Speaking to the success of “The Corrections”—a National Book Award winner that examines how children want to correct the mistakes of their parents’ lives, and how parents live vicariously through their children—Franzen identified two types of readers: one who reads because it is the “right thing to do” and one of a more intellectual nature.

Franzen placed himself in the second category of what he termed the “resistant” or “isolated” reader.

“Some wrong turn was taken at some point between the age of eight and usually age 20, but often in junior high, where if things aren’t working out so well socially for you, for whatever reason, you spend a lot of time with books,” Franzen said. “Not surprisingly that pool of readers tends to give us most of our writers.”

Wood noted that Franzen has had a difficult time writing novels after the success of “The Corrections,” and that he has spent the past few years publishing “a lot of nonfiction a good deal less fiction.”

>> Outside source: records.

(* Let $k\ge 4$ and let $w$ be a minimal uncompletable word for $S_k$. Then $u=ba^{k-1}$ is a prefix of $w$ and $v=b^{k-1}a$ is a suffix of $w$.
   Context: $\Sigma=\{a,b\}$. $S_k=\left(\Sigma^k\setminus\{ba^{k-1},b^{k-1}a\}\right)\cup\left(\Sigma^{k-1}\setminus\{a^{k-1},b^{k-1}\}\right)$. $\mathit{Fact}(S^* )$ is the set of all factors of words in $S^*$. A word $w\in\Sigma^*\setminus\mathit{Fact}(S_k^* )$ is uncompletable for $S_k$; a minimal uncompletable word is an uncompletable word of minimal possible length (such words exist for $k\ge 4$ since $S_k$ is then not complete). *)

theory Defs
  imports Main
begin

datatype letter = a | b

definition S :: "nat \<Rightarrow> letter list set" where
  "S k = ({w. length w = k} - {b # replicate (k-1) a, replicate (k-1) b @ [a]})
        \<union> ({w. length w = k - 1} - {replicate (k-1) a, replicate (k-1) b})"

definition star :: "'x list set \<Rightarrow> 'x list set" where
  "star L = {concat ws | ws. set ws \<subseteq> L}"

definition Fact :: "'x list set \<Rightarrow> 'x list set" where
  "Fact L = {w. \<exists>x y. x @ w @ y \<in> L}"

definition uncompletable :: "letter list set \<Rightarrow> letter list \<Rightarrow> bool" where
  "uncompletable L w \<longleftrightarrow> w \<notin> Fact (star L)"

definition minimal_uncompletable :: "letter list set \<Rightarrow> letter list \<Rightarrow> bool" where
  "minimal_uncompletable L w \<longleftrightarrow> uncompletable L w \<and>
     (\<forall>w'. uncompletable L w' \<longrightarrow> length w \<le> length w')"

end

theory Submission
  imports Defs
begin

text \<open>
  A word is a factor of some concatenation of words of S k iff it
  has a "bordered factorisation" p @ concat ss @ q with ss drawn from S k and
  borders p, q of length at most k-1: every factor of a product of words of
  length at most k has this shape, and conversely any border can be padded to a
  word of S k (by a's on the left, b's on the right).
  Now let w = c # w1 be minimal uncompletable.  Then w1 has a bordered
  factorisation p @ concat ss @ q, and it cannot be extended to one of w; this
  forces |p| = k-1 and c # p to be one of the two excluded words of length k.
  The case c # p = b^{k-1} a is impossible since b^{k-2} a lies in S k, so
  w starts with b a^{k-1}.  The suffix statement follows by symmetry: the
  mirror map (reverse, then exchange a and b) preserves S k and exchanges the
  two excluded words, so it maps minimal uncompletable words to minimal
  uncompletable words.
\<close>

lemma concat_drop_prefix:
  assumes "x @ r = concat ws" and "\<forall>s\<in>set ws. length s \<le> k" and "0 < k"
  shows "\<exists>p ws'. r = p @ concat ws' \<and> set ws' \<subseteq> set ws \<and> length p < k"
  using assms
proof (induction ws arbitrary: x)
  case Nil
  then show ?case by force
next
  case (Cons s ws)
  from Cons.prems(1) obtain us where
    "(x = s @ us \<and> us @ r = concat ws) \<or> (x @ us = s \<and> r = us @ concat ws)"
    by (auto simp: append_eq_append_conv2)
  then show ?case
  proof
    assume "x = s @ us \<and> us @ r = concat ws"
    then show ?case using Cons.IH[of us] Cons.prems by fastforce
  next
    assume split: "x @ us = s \<and> r = us @ concat ws"
    show ?case
    proof (cases "x = []")
      case True
      then show ?thesis using split Cons.prems(3)
        by (intro exI[of _ "[]"] exI[of _ "s # ws"]) auto
    next
      case False
      then have "length us < length s" using split by auto
      moreover have "length s \<le> k" using Cons.prems(2) by simp
      ultimately show ?thesis using split by (intro exI[of _ us] exI[of _ ws]) auto
    qed
  qed
qed

lemma concat_drop_suffix:
  assumes "r @ y = concat ws" and "\<forall>s\<in>set ws. length s \<le> k" and "0 < k"
  shows "\<exists>ws' q. r = concat ws' @ q \<and> set ws' \<subseteq> set ws \<and> length q < k"
proof -
  have "rev y @ rev r = concat (map rev (rev ws))"
    using assms(1) by (metis rev_append rev_concat)
  moreover have "\<forall>s\<in>set (map rev (rev ws)). length s \<le> k" using assms(2) by auto
  ultimately obtain p ws' where
    cut: "rev r = p @ concat ws'" "set ws' \<subseteq> set (map rev (rev ws))" "length p < k"
    using concat_drop_prefix assms(3) by blast
  have "r = concat (map rev (rev ws')) @ rev p"
    using cut(1) by (metis rev_append rev_concat rev_rev_ident)
  moreover have "set (map rev (rev ws')) \<subseteq> set ws" using cut(2) by auto
  ultimately show ?thesis using cut(3) by (intro exI) auto
qed

section \<open>Bordered factorisations\<close>

text \<open>w is a concatenation of words of S k, flanked by two borders that are
  short enough to be completed to words of S k.\<close>
definition bordered :: "nat \<Rightarrow> letter list \<Rightarrow> bool" where
  "bordered k w \<longleftrightarrow> (\<exists>p ss q. w = p @ concat ss @ q \<and> set ss \<subseteq> S k
                         \<and> length p \<le> k - 1 \<and> length q \<le> k - 1)"

lemma S_length: "s \<in> S k \<Longrightarrow> length s \<le> k"
  unfolding S_def by auto

lemma S_full_length:
  assumes "length s = k" "s \<noteq> b # replicate (k-1) a" "s \<noteq> replicate (k-1) b @ [a]"
  shows "s \<in> S k"
  using assms unfolding S_def by auto

text \<open>Both excluded words begin with b and end with a, so a word of length k
  that begins with a or ends with b lies in S k.\<close>
lemma S_full_length_hd_last:
  assumes "length s = k" and "k \<ge> 2" and "hd s = a \<or> last s = b"
  shows "s \<in> S k"
proof -
  obtain m where m: "k = Suc (Suc m)" using assms(2) by (intro that[of "k - 2"]) simp
  have ends: "hd (b # replicate (k-1) a) = b" "last (b # replicate (k-1) a) = a"
    "hd (replicate (k-1) b @ [a]) = b" "last (replicate (k-1) b @ [a]) = a"
    by (simp_all add: m)
  show ?thesis
  proof (rule S_full_length[OF assms(1)])
    show "s \<noteq> b # replicate (k-1) a" using assms(3) ends by force
    show "s \<noteq> replicate (k-1) b @ [a]" using assms(3) ends by force
  qed
qed

lemma factor_bordered:
  assumes "0 < k" and "w \<in> Fact (star (S k))"
  shows "bordered k w"
proof -
  obtain x y ws where prod: "x @ w @ y = concat ws" and ws: "set ws \<subseteq> S k"
    using assms(2) unfolding Fact_def star_def by auto
  have short: "\<forall>s\<in>set ws. length s \<le> k" using ws S_length by auto
  obtain p ws1 where left: "w @ y = p @ concat ws1" "set ws1 \<subseteq> set ws" "length p < k"
    using concat_drop_prefix[OF prod short assms(1)] by auto
  show ?thesis
  proof (cases "length w \<le> length p")
    case True
    then show ?thesis unfolding bordered_def using left(3)
      by (intro exI[of _ w] exI[of _ "[]"] exI[of _ "[]"]) auto
  next
    case False
    then obtain w' where w': "w = p @ w'" "w' @ y = concat ws1"
      using left(1) by (auto simp: append_eq_append_conv2)
    have "\<forall>s\<in>set ws1. length s \<le> k" using short left(2) by auto
    then obtain ss q where "w' = concat ss @ q" "set ss \<subseteq> set ws1" "length q < k"
      using concat_drop_suffix[OF w'(2)] assms(1) by blast
    then show ?thesis unfolding bordered_def using w' left ws
      by (intro exI[of _ p] exI[of _ ss] exI[of _ q]) auto
  qed
qed

lemma bordered_factor:
  assumes "k \<ge> 2" and "bordered k w"
  shows "w \<in> Fact (star (S k))"
proof -
  obtain p ss q where w: "w = p @ concat ss @ q" "set ss \<subseteq> S k"
    and borders: "length p \<le> k - 1" "length q \<le> k - 1"
    using assms(2) unfolding bordered_def by auto
  define x where "x = a # replicate (k - 1 - length p) a"
  define y where "y = replicate (k - 1 - length q) b @ [b]"
  have "x @ p \<in> S k"
    using borders assms(1) by (intro S_full_length_hd_last) (auto simp: x_def)
  moreover have "q @ y \<in> S k"
    using borders assms(1) by (intro S_full_length_hd_last) (auto simp: y_def)
  ultimately have "set ([x @ p] @ ss @ [q @ y]) \<subseteq> S k" using w(2) by auto
  moreover have "x @ w @ y = concat ([x @ p] @ ss @ [q @ y])" using w(1) by simp
  ultimately show ?thesis unfolding Fact_def star_def by blast
qed

lemma completable_iff_bordered:
  "k \<ge> 2 \<Longrightarrow> \<not> uncompletable (S k) w \<longleftrightarrow> bordered k w"
  unfolding uncompletable_def using factor_bordered bordered_factor by fastforce

section \<open>The mirror symmetry\<close>

fun swap_letter :: "letter \<Rightarrow> letter" where
  "swap_letter a = b" | "swap_letter b = a"

definition mirror :: "letter list \<Rightarrow> letter list" where
  "mirror w = map swap_letter (rev w)"

lemma swap_letter_involutive [simp]: "swap_letter (swap_letter c) = c"
  by (cases c) auto

lemma mirror_mirror [simp]: "mirror (mirror w) = w"
  by (simp add: mirror_def rev_map comp_def)

lemma length_mirror [simp]: "length (mirror w) = length w"
  by (simp add: mirror_def)

lemma mirror_append: "mirror (x @ y) = mirror y @ mirror x"
  by (simp add: mirror_def)

lemma mirror_concat: "mirror (concat ws) = concat (rev (map mirror ws))"
  by (induction ws) (simp_all add: mirror_def)

lemma mirror_excluded: "mirror (b # replicate n a) = replicate n b @ [a]"
  by (simp add: mirror_def)

lemma mirror_excluded_inv: "mirror (replicate n b @ [a]) = b # replicate n a"
  by (metis mirror_excluded mirror_mirror)

lemma mirror_replicate: "mirror (replicate n c) = replicate n (swap_letter c)"
  by (simp add: mirror_def)

lemma S_mirror_closed:
  assumes "s \<in> S k"
  shows "mirror s \<in> S k"
proof -
  have inj: "mirror s = t \<longleftrightarrow> s = mirror t" for t by auto
  have "mirror s = b # replicate (k-1) a \<longleftrightarrow> s = replicate (k-1) b @ [a]"
    "mirror s = replicate (k-1) b @ [a] \<longleftrightarrow> s = b # replicate (k-1) a"
    "mirror s = replicate (k-1) a \<longleftrightarrow> s = replicate (k-1) b"
    "mirror s = replicate (k-1) b \<longleftrightarrow> s = replicate (k-1) a"
    unfolding inj by (simp_all add: mirror_excluded mirror_excluded_inv mirror_replicate)
  then show ?thesis using assms unfolding S_def by auto
qed

lemma factor_mirror:
  assumes "\<And>s. s \<in> L \<Longrightarrow> mirror s \<in> L" and "w \<in> Fact (star L)"
  shows "mirror w \<in> Fact (star L)"
proof -
  obtain x y ws where "x @ w @ y = concat ws" "set ws \<subseteq> L"
    using assms(2) unfolding Fact_def star_def by auto
  then have "mirror y @ mirror w @ mirror x = concat (rev (map mirror ws))"
    and "set (rev (map mirror ws)) \<subseteq> L"
    using assms(1) by (auto simp: mirror_append[symmetric] mirror_concat[symmetric])
  then show ?thesis unfolding Fact_def star_def by blast
qed

lemma minimal_uncompletable_mirror:
  assumes "minimal_uncompletable (S k) w"
  shows "minimal_uncompletable (S k) (mirror w)"
proof -
  have unc: "uncompletable (S k) v \<longleftrightarrow> uncompletable (S k) (mirror v)" for v
    unfolding uncompletable_def
    using factor_mirror[OF S_mirror_closed] by (metis mirror_mirror)
  show ?thesis using assms unfolding minimal_uncompletable_def
    by (metis unc length_mirror)
qed

text \<open>For k \<ge> 3 the word b^{k-2} a has length k-1 and contains both letters.\<close>
lemma S_short_mixed:
  assumes "k \<ge> 3"
  shows "replicate (k-2) b @ [a] \<in> S k"
proof -
  obtain m where k: "k = Suc (Suc (Suc m))"
    using assms by (intro that[of "k - 3"]) simp
  have "replicate (k-2) b @ [a] \<noteq> replicate (k-1) a" by (simp add: k)
  moreover have "last (replicate (k-2) b @ [a]) \<noteq> last (replicate (k-1) b)"
    by (simp add: k)
  then have "replicate (k-2) b @ [a] \<noteq> replicate (k-1) b" by metis
  ultimately show ?thesis unfolding S_def by (simp add: k)
qed

lemma prefix_forced:
  assumes "k \<ge> 3" and "bordered k w1" and not_bordered: "\<not> bordered k (c # w1)"
  shows "\<exists>z. c # w1 = (b # replicate (k-1) a) @ z"
proof -
  obtain p ss q where w1: "w1 = p @ concat ss @ q" "set ss \<subseteq> S k"
    and borders: "length p \<le> k - 1" "length q \<le> k - 1"
    using assms(2) unfolding bordered_def by auto
  have extend: "c # w1 = p' @ concat ss' @ q \<Longrightarrow> set ss' \<subseteq> S k \<Longrightarrow> length p' \<le> k - 1
      \<Longrightarrow> False" for p' ss'
    using not_bordered borders(2) unfolding bordered_def by blast
  txt \<open>c # p is too long to serve as a border \<dots>\<close>
  have "c # w1 = (c # p) @ concat ss @ q" using w1(1) by simp
  then have "\<not> length (c # p) \<le> k - 1"
    using extend w1(2) by blast
  then have len: "length (c # p) = k" using borders(1) assms(1) by simp
  txt \<open>\<dots> and cannot be a factor in S k, so it is an excluded word \<dots>\<close>
  have split: "c # w1 = [] @ concat ((c # p) # ss) @ q" using w1(1) by simp
  have "c # p \<notin> S k"
  proof
    assume "c # p \<in> S k"
    then have "set ((c # p) # ss) \<subseteq> S k" using w1(2) by simp
    then show False using extend[OF split] by simp
  qed
  txt \<open>\<dots> but not b^{k-1} a, which would split as the border b and b^{k-2} a.\<close>
  moreover have "c # p \<noteq> replicate (k-1) b @ [a]"
  proof
    assume eq: "c # p = replicate (k-1) b @ [a]"
    have "k - 1 = Suc (k - 2)" using assms(1) by simp
    then have "c # p = b # (replicate (k-2) b @ [a])" using eq by simp
    then have "c = b" and p: "p = replicate (k-2) b @ [a]" by simp_all
    then have "c # w1 = [b] @ concat (p # ss) @ q" using w1(1) by simp
    moreover have "set (p # ss) \<subseteq> S k" using w1(2) S_short_mixed[OF assms(1)] p by simp
    moreover have "length [b] \<le> k - 1" using assms(1) by simp
    ultimately show False using extend by blast
  qed
  ultimately have "c # p = b # replicate (k-1) a"
    using S_full_length[OF len] by blast
  then show ?thesis using w1(1) by auto
qed

text \<open>Dropping the first letter of a minimal uncompletable word leaves a
  completable word, so the previous lemma applies.\<close>
lemma minimal_uncompletable_prefix:
  assumes "k \<ge> 3" and min: "minimal_uncompletable (S k) w"
  shows "\<exists>z. w = (b # replicate (k-1) a) @ z"
proof -
  have k: "k \<ge> 2" using assms(1) by simp
  have not_bordered: "\<not> bordered k w"
    using min completable_iff_bordered[OF k] unfolding minimal_uncompletable_def by blast
  have "bordered k []" unfolding bordered_def by (intro exI[of _ "[]"]) simp
  then have "w \<noteq> []" using not_bordered by blast
  then obtain c w1 where w: "w = c # w1" by (cases w) auto
  have "\<not> uncompletable (S k) w1"
    using min w unfolding minimal_uncompletable_def by fastforce
  then have "bordered k w1" using completable_iff_bordered[OF k] by blast
  then show ?thesis using prefix_forced assms(1) not_bordered w by blast
qed

theorem theorem2:
  fixes k :: nat and w :: "letter list"
  assumes "k \<ge> 4" and "minimal_uncompletable (S k) w"
  shows "(\<exists>z. w = (b # replicate (k-1) a) @ z) \<and> (\<exists>z. w = z @ (replicate (k-1) b @ [a]))"
proof
  show "\<exists>z. w = (b # replicate (k-1) a) @ z"
    using minimal_uncompletable_prefix assms by simp
  obtain z where "mirror w = (b # replicate (k-1) a) @ z"
    using minimal_uncompletable_prefix minimal_uncompletable_mirror assms by fastforce
  then have "w = mirror z @ mirror (b # replicate (k-1) a)"
    by (metis mirror_append mirror_mirror)
  then show "\<exists>z. w = z @ (replicate (k-1) b @ [a])"
    by (auto simp: mirror_excluded)
qed

end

“A lot of people would like to know,” why this is, Wood said.

Franzen responded by noting that many writers have been in a post-Sept. 11 malaise, and that it grew so severe that at one point he considered offering up his own money in order to urge writers to break through their writer’s block.

“I actually had an idea a couple of years ago—when six or seven people I knew were all in a similar place of frustration with the novel—of sponsoring a prize, of offering $10,000 of my own money who first delivered a novel,” Franzen said.

Franzen also noted the potential obsolescence of serious fiction, saying that the purpose of the novel is not to “vividly bring home social conditions.”

“When you have the opportunity to do a documentary—to do Frontline, to do The Wire—and reach a much larger audience much quicker and you actually gain, it’s more vivid, you can go right to the body on the street in Baghdad and can have that up on the screen,” Franzen said. “I’m engaged in a lifelong struggle to produce texts that have that kind of interior depth that is not immediately apparent, that repay some kind of careful analysis without losing people who just want to follow along on the surface.”